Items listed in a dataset
(* Let $d\ge2$ and let $\theta_{d0},\theta_{d-1,1},\dots,\theta_{0d}$ be real numbers with $\theta_{d0}\neq0$. Let $P(\theta)$ be the $(2d-2)\times(2d-2)$ matrix defined as follows: for $k=1,\dots,d-1$ and $m=0,\dots,d-1$, the entry in row $k$, column $k+m$ is $(d-m)\theta_{d-m,m}$; the entry in row $d-1+k$, column $k+m$ is $(m+1)\theta_{d-1-m,m+1}$; all other entries are $0$. (Thus the first $d-1$ rows are successive shifts of $(d\theta_{d0},(d-1)\theta_{d-1,1},\dots,2\theta_{2,d-2},\theta_{1,d-1})$ and the last $d-1$ rows are successive shifts of $(\theta_{d-1,1},2\theta_{d-2,2},\dots,d\theta_{0d})$.) Let $p(x;\theta)=\theta_{d0}x^d+\theta_{d-1,1}x^{d-1}+\dots+\theta_{1,d-1}x+\theta_{0d}$, and let $R(p,p')$ be the determinant of the $(2d-1)\times(2d-1)$ matrix whose first $d-1$ rows are successive shifts of the coefficient row $(\theta_{d0},\theta_{d-1,1},\dots,\theta_{0d})$ of $p$ and whose last $d$ rows are successive shifts of the coefficient row $(d\theta_{d0},(d-1)\theta_{d-1,1},\dots,\theta_{1,d-1})$ of $p'$ (each shift moving one column to the right, zeros elsewhere). Define $D(\theta)=R(p,p')/\theta_{d0}$. Then $$\det P(\theta)=d^{\,d-2}D(\theta).$$
   Context: $D(\theta)$ is (the paper's normalization of) the discriminant of the polynomial equation $p(x;\theta)=0$; $P(\theta)$ is the coefficient matrix of the linear system determining the highest-order derivatives of the bivariate normalizing constant in the Pfaffian system. *)

theory Defs
  imports "Jordan_Normal_Form.Determinant"
begin

text \<open>Coefficients are given as a function th with th i j standing for theta_{i j};
  only the values with i + j = d are used.  Matrices are 0-indexed.\<close>

definition Pmat :: "nat \<Rightarrow> (nat \<Rightarrow> nat \<Rightarrow> real) \<Rightarrow> real mat" where
  "Pmat d th = mat (2*d-2) (2*d-2) (\<lambda>(r,c).
     if r < d - 1 then
       (if r \<le> c \<and> c - r \<le> d - 1 then real (d - (c - r)) * th (d - (c - r)) (c - r) else 0)
     else
       (let s = r - (d - 1) in
        if s \<le> c \<and> c - s \<le> d - 1 then real (c - s + 1) * th (d - 1 - (c - s)) (c - s + 1) else 0))"

definition sylv_p_dp :: "nat \<Rightarrow> (nat \<Rightarrow> nat \<Rightarrow> real) \<Rightarrow> real mat" where
  "sylv_p_dp d th = mat (2*d-1) (2*d-1) (\<lambda>(r,c).
     if r < d - 1 then
       (if r \<le> c \<and> c - r \<le> d then th (d - (c - r)) (c - r) else 0)
     else
       (let s = r - (d - 1) in
        if s \<le> c \<and> c - s \<le> d - 1 then real (d - (c - s)) * th (d - (c - s)) (c - s) else 0))"

definition Rpdp :: "nat \<Rightarrow> (nat \<Rightarrow> nat \<Rightarrow> real) \<Rightarrow> real" where
  "Rpdp d th = det (sylv_p_dp d th)"

definition Dtheta :: "nat \<Rightarrow> (nat \<Rightarrow> nat \<Rightarrow> real) \<Rightarrow> real" where
  "Dtheta d th = Rpdp d th / th d 0"

end

theory Submission
  imports Defs
begin

text \<open>Write \<open>d = n + 1\<close>.  Replacing each of the first \<open>n\<close> rows \<open>x^i p\<close> of the Sylvester
  matrix of \<open>p, p'\<close> by \<open>d x^i p - x^i (x p')\<close> multiplies the determinant by \<open>d^n\<close>, and by
  Euler's identity \<open>d p - x p' = \<Sum>m. m \<theta>(d-m,m) x^(d-m)\<close> the new rows have no \<open>x^d\<close> term.
  The first column then contains only the leading coefficient \<open>d \<theta>(d,0)\<close> of \<open>p'\<close>, and the
  complementary minor is \<open>P(\<theta>)\<close> with its two row blocks swapped, a swap whose sign cancels
  the cofactor sign.\<close>

definition scale_sub_rows :: "'a :: comm_ring_1 \<Rightarrow> nat \<Rightarrow> 'a mat \<Rightarrow> 'a mat" where
  "scale_sub_rows a n S = mat (dim_row S) (dim_col S)
     (\<lambda>(r,c). if r < n then a * S $$ (r,c) - S $$ (r+n,c) else S $$ (r,c))"

lemma dim_scale_sub_rows [simp]:
  "dim_row (scale_sub_rows a n S) = dim_row S" "dim_col (scale_sub_rows a n S) = dim_col S"
  by (simp_all add: scale_sub_rows_def)

lemma det_scale_sub_rows:
  fixes S :: "'a :: comm_ring_1 mat"
  assumes S: "S \<in> carrier_mat N N" and n: "2 * n \<le> N"
  shows "det (scale_sub_rows a n S) = a ^ n * det S"
proof -
  define E where "E = mat N N (\<lambda>(r,k).
      (if k = r then if r < n then a else 1 else 0) + (if r < n \<and> k = r + n then -1 else 0))"
  have E: "E \<in> carrier_mat N N" unfolding E_def by simp
  have "E * S = scale_sub_rows a n S"
  proof (rule eq_matI)
    fix r c assume "r < dim_row (scale_sub_rows a n S)" "c < dim_col (scale_sub_rows a n S)"
    then have r: "r < N" and c: "c < N" using S by auto
    have "(E * S) $$ (r,c) = (\<Sum>k<N. E $$ (r,k) * S $$ (k,c))"
      using E S r c by (simp add: scalar_prod_def lessThan_atLeast0)
    also have "\<dots> = (\<Sum>k<N. (if k = r then (if r < n then a else 1) * S $$ (k,c) else 0)
                             + (if r < n \<and> k = r + n then - S $$ (k,c) else 0))"
      using r by (intro sum.cong refl) (auto simp: E_def)
    also have "\<dots> = scale_sub_rows a n S $$ (r,c)"
      using r c n S by (simp add: sum.distrib scale_sub_rows_def)
    finally show "(E * S) $$ (r,c) = scale_sub_rows a n S $$ (r,c)" .
  qed (use S in \<open>auto simp: E_def scale_sub_rows_def\<close>)
  moreover have "det E = a ^ n"
  proof -
    have "upper_triangular E" unfolding upper_triangular_def E_def by auto
    then have "det E = prod_list (diag_mat E)"
      using E by (rule det_upper_triangular)
    also have "\<dots> = (\<Prod>i<N. if i < n then a else 1)"
      unfolding diag_mat_def
      by (subst prod.distinct_set_conv_list[symmetric])
         (auto simp: E_def atLeast0LessThan intro!: prod.cong)
    also have "\<dots> = (\<Prod>i<n. a)"
      using n by (intro prod.mono_neutral_cong_right) auto
    finally show ?thesis by simp
  qed
  ultimately show ?thesis using det_mult[OF E S] by simp
qed

lemma det_single_entry_column:
  fixes A :: "'a :: comm_ring_1 mat"
  assumes A: "A \<in> carrier_mat N N" and k: "k < N" and j: "j < N"
    and zero: "\<And>i. i < N \<Longrightarrow> i \<noteq> k \<Longrightarrow> A $$ (i,j) = 0"
  shows "det A = A $$ (k,j) * cofactor A k j"
proof -
  have "det A = (\<Sum>i<N. A $$ (i,j) * cofactor A i j)"
    by (rule laplace_expansion_column[OF A j])
  also have "\<dots> = (\<Sum>i\<in>{k}. A $$ (i,j) * cofactor A i j)"
    using k zero by (intro sum.mono_neutral_cong_right) auto
  finally show ?thesis by simp
qed

lemma sylv_p_dp_carrier: "sylv_p_dp d th \<in> carrier_mat (2*d-1) (2*d-1)"
  by (simp add: sylv_p_dp_def)

text \<open>The degree is kept as a variable \<open>d\<close> with \<open>d = Suc n\<close> rather than written \<open>Suc n\<close>,
  since the simplifier would turn \<open>real (Suc n)\<close> into \<open>1 + real n\<close> and the entry formulas
  below would no longer apply as rewrite rules.\<close>

lemma sylv_p_dp_eliminated_entry:
  assumes d: "d = Suc n" and "r < 2*n+1" "c < 2*n+1"
  shows "scale_sub_rows (real d) n (sylv_p_dp d th) $$ (r,c) =
    (if r < n then
       (if r \<le> c \<and> c - r \<le> d then real (c - r) * th (d - (c - r)) (c - r) else 0)
     else if r - n \<le> c \<and> c - (r - n) \<le> n
       then real (d - (c - (r - n))) * th (d - (c - (r - n))) (c - (r - n)) else 0)"
proof -
  have "real c = 1 + real n + real r" if "r < n" "c - r \<le> Suc n" "\<not> c - r \<le> n" "r \<le> c"
    using that by linarith
  then show ?thesis
    using assms by (auto simp: scale_sub_rows_def sylv_p_dp_def Let_def algebra_simps of_nat_diff)
qed

lemma Pmat_rotate_eliminated_minor:
  fixes th :: "nat \<Rightarrow> nat \<Rightarrow> real"
  assumes d: "d = Suc n" and n: "n \<ge> 1"
  defines "M \<equiv> mat_delete (scale_sub_rows (real d) n (sylv_p_dp d th)) n 0"
  shows "mat (n + n) (n + n) (\<lambda>(i,j). M $$ (if i < n then i + n else i - n, j)) = Pmat d th"
proof -
  have dims: "dim_row (sylv_p_dp d th) = 2*n+1" "dim_col (sylv_p_dp d th) = 2*n+1"
    using sylv_p_dp_carrier[of d th] d by auto
  have M: "M $$ (i,j) =
      (let r = if i < n then i else Suc i; c = Suc j in
       if r < n then
         (if r \<le> c \<and> c - r \<le> d then real (c - r) * th (d - (c - r)) (c - r) else 0)
       else if r - n \<le> c \<and> c - (r - n) \<le> n
         then real (d - (c - (r - n))) * th (d - (c - (r - n))) (c - (r - n)) else 0)"
    if "i < n + n" "j < n + n" for i j
    using that by (simp add: M_def mat_delete_def dims sylv_p_dp_eliminated_entry[OF d] Let_def)
  show ?thesis
    by (rule eq_matI) (use d n in \<open>auto simp: M Pmat_def Let_def Suc_diff_le le_diff_conv\<close>)
qed

lemma Rpdp_eq_Pmat:
  assumes d: "d = Suc n" and n: "n \<ge> 1"
  shows "real d ^ n * Rpdp d th = real d * th d 0 * det (Pmat d th)"
proof -
  define A where "A = scale_sub_rows (real d) n (sylv_p_dp d th)"
  have S: "sylv_p_dp d th \<in> carrier_mat (2*n+1) (2*n+1)" using sylv_p_dp_carrier[of d th] d by simp
  then have A: "A \<in> carrier_mat (2*n+1) (2*n+1)" unfolding A_def carrier_mat_def by simp
  have "real d ^ n * Rpdp d th = det A"
    unfolding A_def Rpdp_def by (simp add: det_scale_sub_rows[OF S])
  also have "\<dots> = A $$ (n,0) * cofactor A n 0"
    by (rule det_single_entry_column[OF A]) (auto simp: A_def sylv_p_dp_eliminated_entry[OF d])
  also have "A $$ (n,0) = real d * th d 0"
    using n by (simp add: A_def sylv_p_dp_eliminated_entry[OF d])
  also have "cofactor A n 0 = (-1) ^ n * (-1) ^ (n * n) * det (Pmat d th)"
  proof -
    have "mat_delete A n 0 \<in> carrier_mat (n + n) (n + n)"
      using mat_delete_carrier[OF A, of n 0] by (simp add: mult_2)
    from det_swap_rows[OF this] show ?thesis
      using Pmat_rotate_eliminated_minor[OF d n, of th] by (simp add: cofactor_def A_def)
  qed
  also have "(-1 :: real) ^ n * (-1) ^ (n * n) = 1"
    by (simp add: power_add[symmetric])
  finally show ?thesis by simp
qed

theorem theorem6p2:
  fixes d :: nat and th :: "nat \<Rightarrow> nat \<Rightarrow> real"
  assumes "d \<ge> 2" and "th d 0 \<noteq> 0"
  shows "det (Pmat d th) = real d ^ (d - 2) * Dtheta d th"
proof -
  obtain k where d: "d = Suc (Suc k)" using assms(1) by (metis add_2_eq_Suc le_Suc_ex)
  have "real d ^ k * Rpdp d th = th d 0 * det (Pmat d th)"
    using Rpdp_eq_Pmat[OF d, of th] by (simp add: d)
  then show ?thesis
    using assms(2) by (simp add: Dtheta_def d field_simps)
qed

end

Work task:
Where does the word "auto" appear in the records? Copy every line that holds it.

Result of the exercise:
    then have r: "r < N" and c: "c < N" using S by auto
      using r by (intro sum.cong refl) (auto simp: E_def)
  qed (use S in \<open>auto simp: E_def scale_sub_rows_def\<close>)
    have "upper_triangular E" unfolding upper_triangular_def E_def by auto
         (auto simp: E_def atLeast0LessThan intro!: prod.cong)
      using n by (intro prod.mono_neutral_cong_right) auto
    using k zero by (intro sum.mono_neutral_cong_right) auto
    using assms by (auto simp: scale_sub_rows_def sylv_p_dp_def Let_def algebra_simps of_nat_diff)
    using sylv_p_dp_carrier[of d th] d by auto
    by (rule eq_matI) (use d n in \<open>auto simp: M Pmat_def Let_def Suc_diff_le le_diff_conv\<close>)
    by (rule det_single_entry_column[OF A]) (auto simp: A_def sylv_p_dp_eliminated_entry[OF d])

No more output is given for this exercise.